Every day, thousands suffering from mental illnesses like anxiety and depression post on social media. For example, on reddit, there is a subreddit for depression (https://www.reddit.com/r/depression/) where people can vent and express their feelings. Searching for #depression on twitter gives many tweet results by depressed people. This project aims to build a twitter bot (or a bot for any text-based social media platform) that does two tasks:
Identify if the tweet has signals of mental illnesses.
Reply to the tweet with an inspiring, relevant quote (from a corpus of quotes) that can help the person get a wider and better perspective, thus, helping them get out of their mental rut.
How it works
Identifying if the tweet has signals of mental illnesses
For task 1, to identify whether the tweet's text has signals of mental illnesses or not, a machine learning binary classification model is used. Till now, the following models have been tried out:
Naive Bayes with TFIDF text embedding
SVM with TFIDF text embedding
Future Work
Explore other classification models
Explore deep learning based text embeddings like word2vec, BERT, etc
Reply to the tweet with an inspiring quote.
For now, there is a corpus of generic uplifting quotes from which a random quote is chosen.
Future Work
Define relevance and build an algorithm to pick a relevant quote from the corpus.
Engineering
Data flow
tweepy StreamListener is used to process a stream of incoming tweets
The raw tweets are ingested into a kafka topic
The "preprocess" consumer consumes the raw tweets, preprocesses them and puts them on another kafka topic.
The preprocessed tweets are consumed by the "predict" consumer which classifies the tweet into either having signs of mental illness (1) or not (0). The positive tweets are put on another kafka topic. The negative tweets are discarded
The positive tweets are finally loaded into MongoDB.
Periodically (orchestrated by Airflow), the "send replies" process wakes up, reads "n" positive tweets from MongoDB, finds a relevant quote and then replies to the original tweet using the tweepy Twitter API.
Design/Tools/Framework choices
Why Kafka?
The rate of incoming tweets will be higher that the rate at which the tweets are processed (preprocess, classify, etc). Therefore, a data pipeline is used.

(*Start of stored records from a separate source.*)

(* Consider a tree power network $(\mathcal{V},\mathcal{E})$, $\mathcal{V}=\{1,\dots,n\}$, with fixed voltage magnitudes $|V_i|=\overline{V}_i>0$ and angle limits satisfying $$-\tan^{-1}\!\Big(\frac{b_{ik}}{g_{ik}}\Big)<\underline{\theta}_{ik}\le\overline{\theta}_{ik}<\tan^{-1}\!\Big(\frac{b_{ik}}{g_{ik}}\Big)\quad\text{for all }(i,k)\in\mathcal{E},$$ with $\underline{\theta}_{ik}\in[-\pi,0]$, $\overline{\theta}_{ik}\in[0,\pi]$. Consider the OPF problem with load vector $\mathbf{p}_D=(P_{D_1},\dots,P_{D_n})$: minimize $\sum_{i\in\mathcal{V}}f_i(P_{G_i})$ subject to $\underline{P}_{G_i}\le P_{G_i}\le\overline{P}_{G_i}$ and $P_{G_i}-P_{D_i}=\sum_{k\sim i}P_{ik}$ for $i\in\mathcal{V}$, and $(P_{ik},P_{ki})\in\mathcal{F}_{\theta_{ik}}$ for $(i,k)\in\mathcal{E}$, where each $f_i$ is monotonically increasing and convex. Let $f^*_{\boldsymbol\epsilon}$ be its optimal value when $\mathbf{p}_D$ is replaced by $\mathbf{p}_D+\boldsymbol\epsilon$, assume $f^*_{\boldsymbol\epsilon}$ is differentiable at $\boldsymbol\epsilon=0$, and let $\lambda_1,\dots,\lambda_n$ be the locational marginal prices, i.e. the numbers such that $\sum_i\lambda_i\epsilon_i$ is the first-order approximation of $f^*_{\boldsymbol\epsilon}-f^*_0$. Then for every $i\in\mathcal{V}$: (1) $\lambda_i$ equals the Lagrange multiplier of the power balance equation $P_{G_i}-P_{D_i}=\sum_{k\sim i}P_{ik}$ in the convexified OPF problem (the same problem with each constraint $(P_{ik},P_{ki})\in\mathcal{F}_{\theta_{ik}}$ replaced by $(P_{ik},P_{ki})\in\mathrm{conv}(\mathcal{F}_{\theta_{ik}})$); (2) $\lambda_i\ge0$.
   Context: Each line $(i,k)\in\mathcal{E}$ has admittance $y_{ik}=g_{ik}-jb_{ik}$ with $g_{ik},b_{ik}\ge0$. For $\theta_{ik}=\theta_i-\theta_k$ (difference of bus voltage phases), the line flows are $P_{ik}=\overline{V}_i^2 g_{ik}+\overline{V}_i\overline{V}_k b_{ik}\sin\theta_{ik}-\overline{V}_i\overline{V}_k g_{ik}\cos\theta_{ik}$ and $P_{ki}=\overline{V}_k^2 g_{ik}-\overline{V}_i\overline{V}_k b_{ik}\sin\theta_{ik}-\overline{V}_i\overline{V}_k g_{ik}\cos\theta_{ik}$. $\mathcal{F}_{\theta_{ik}}\subset\mathbb{R}^2$ is the set of pairs $(P_{ik},P_{ki})$ obtained as $\theta_{ik}$ ranges over $[\underline{\theta}_{ik},\overline{\theta}_{ik}]$. $P_{G_i}$ denotes the generation and $P_{D_i}$ the load at bus $i$; $\mathrm{conv}$ denotes convex hull. *)

theory Defs
  imports "HOL-Analysis.Analysis"
begin

text \<open>Lines are given as a set E of ordered pairs (i,k); each line is listed once
  (no self loops, not both orientations). Neighbourhood and tree structure refer to
  the underlying undirected graph.\<close>

definition adj :: "('v \<times> 'v) set \<Rightarrow> 'v \<Rightarrow> 'v \<Rightarrow> bool" where
  "adj E a b \<longleftrightarrow> (a, b) \<in> E \<or> (b, a) \<in> E"

definition nbrs :: "('v \<times> 'v) set \<Rightarrow> 'v \<Rightarrow> 'v set" where
  "nbrs E i = {k. adj E i k}"

definition simple_edges :: "('v \<times> 'v) set \<Rightarrow> bool" where
  "simple_edges E \<longleftrightarrow> (\<forall>(i, k) \<in> E. i \<noteq> k \<and> (k, i) \<notin> E)"

definition graph_connected :: "('v \<times> 'v) set \<Rightarrow> bool" where
  "graph_connected E \<longleftrightarrow> (\<forall>a b. (a, b) \<in> {(x, y). adj E x y}\<^sup>*)"

definition has_cycle :: "('v \<times> 'v) set \<Rightarrow> bool" where
  "has_cycle E \<longleftrightarrow> (\<exists>vs. length vs \<ge> 3 \<and> distinct vs \<and>
      (\<forall>j < length vs. adj E (vs ! j) (vs ! ((j + 1) mod length vs))))"

definition is_tree :: "('v \<times> 'v) set \<Rightarrow> bool" where
  "is_tree E \<longleftrightarrow> simple_edges E \<and> graph_connected E \<and> \<not> has_cycle E"

definition P_ik :: "real \<Rightarrow> real \<Rightarrow> real \<Rightarrow> real \<Rightarrow> real \<Rightarrow> real" where
  "P_ik Vi Vk g b \<theta> = Vi\<^sup>2 * g + Vi * Vk * b * sin \<theta> - Vi * Vk * g * cos \<theta>"

definition P_ki :: "real \<Rightarrow> real \<Rightarrow> real \<Rightarrow> real \<Rightarrow> real \<Rightarrow> real" where
  "P_ki Vi Vk g b \<theta> = Vk\<^sup>2 * g - Vi * Vk * b * sin \<theta> - Vi * Vk * g * cos \<theta>"

definition flow_set ::
  "('v \<Rightarrow> real) \<Rightarrow> ('v \<times> 'v \<Rightarrow> real) \<Rightarrow> ('v \<times> 'v \<Rightarrow> real) \<Rightarrow>
   ('v \<times> 'v \<Rightarrow> real) \<Rightarrow> ('v \<times> 'v \<Rightarrow> real) \<Rightarrow> 'v \<times> 'v \<Rightarrow> (real \<times> real) set" where
  "flow_set Vb g b tlo thi e =
     (case e of (i, k) \<Rightarrow>
       (\<lambda>\<theta>. (P_ik (Vb i) (Vb k) (g e) (b e) \<theta>, P_ki (Vb i) (Vb k) (g e) (b e) \<theta>))
         ` {tlo e .. thi e})"

text \<open>tan^-1(b/g), with the convention tan^-1(b/0) = pi/2 (b \<ge> 0).\<close>
definition angle_bound :: "real \<Rightarrow> real \<Rightarrow> real" where
  "angle_bound g b = (if g = 0 then pi / 2 else arctan (b / g))"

Low coupling between different processes of "preprocess", "predict", etc In future, if there is a need to test multiple models, it would be as easy as launching a new "predict" consumer.
Scalability and Reliability
Because of the low coupling, the consumers(processors) and the producers(from social media) can be scaled individually.
If one kafka process goes down, the others don't, and parts of the the system will still run during the repair time.
Why store to DB?
Ideally, the data pipeline's last process could have been responsible of sending replies to the tweets, but the bot would get blocked by Twitter by posting at the (nearly) same rate as it is consuming.
Why NOSQL (MongoDB)?
The data model does not involve relations between different entities.
Consistency and isolation between the classifier and the twitter bot is not a major concern.
NoSQL databases are easier to scale.
Why Airflow?
To orchestrate scheduling the workflow for various tasks:
Stream new tweets every 't' hours and store to DB
Extract 'n' tweets and send replies every 't' minutes.
perform analytics, such as wordcount, to build a wordcloud.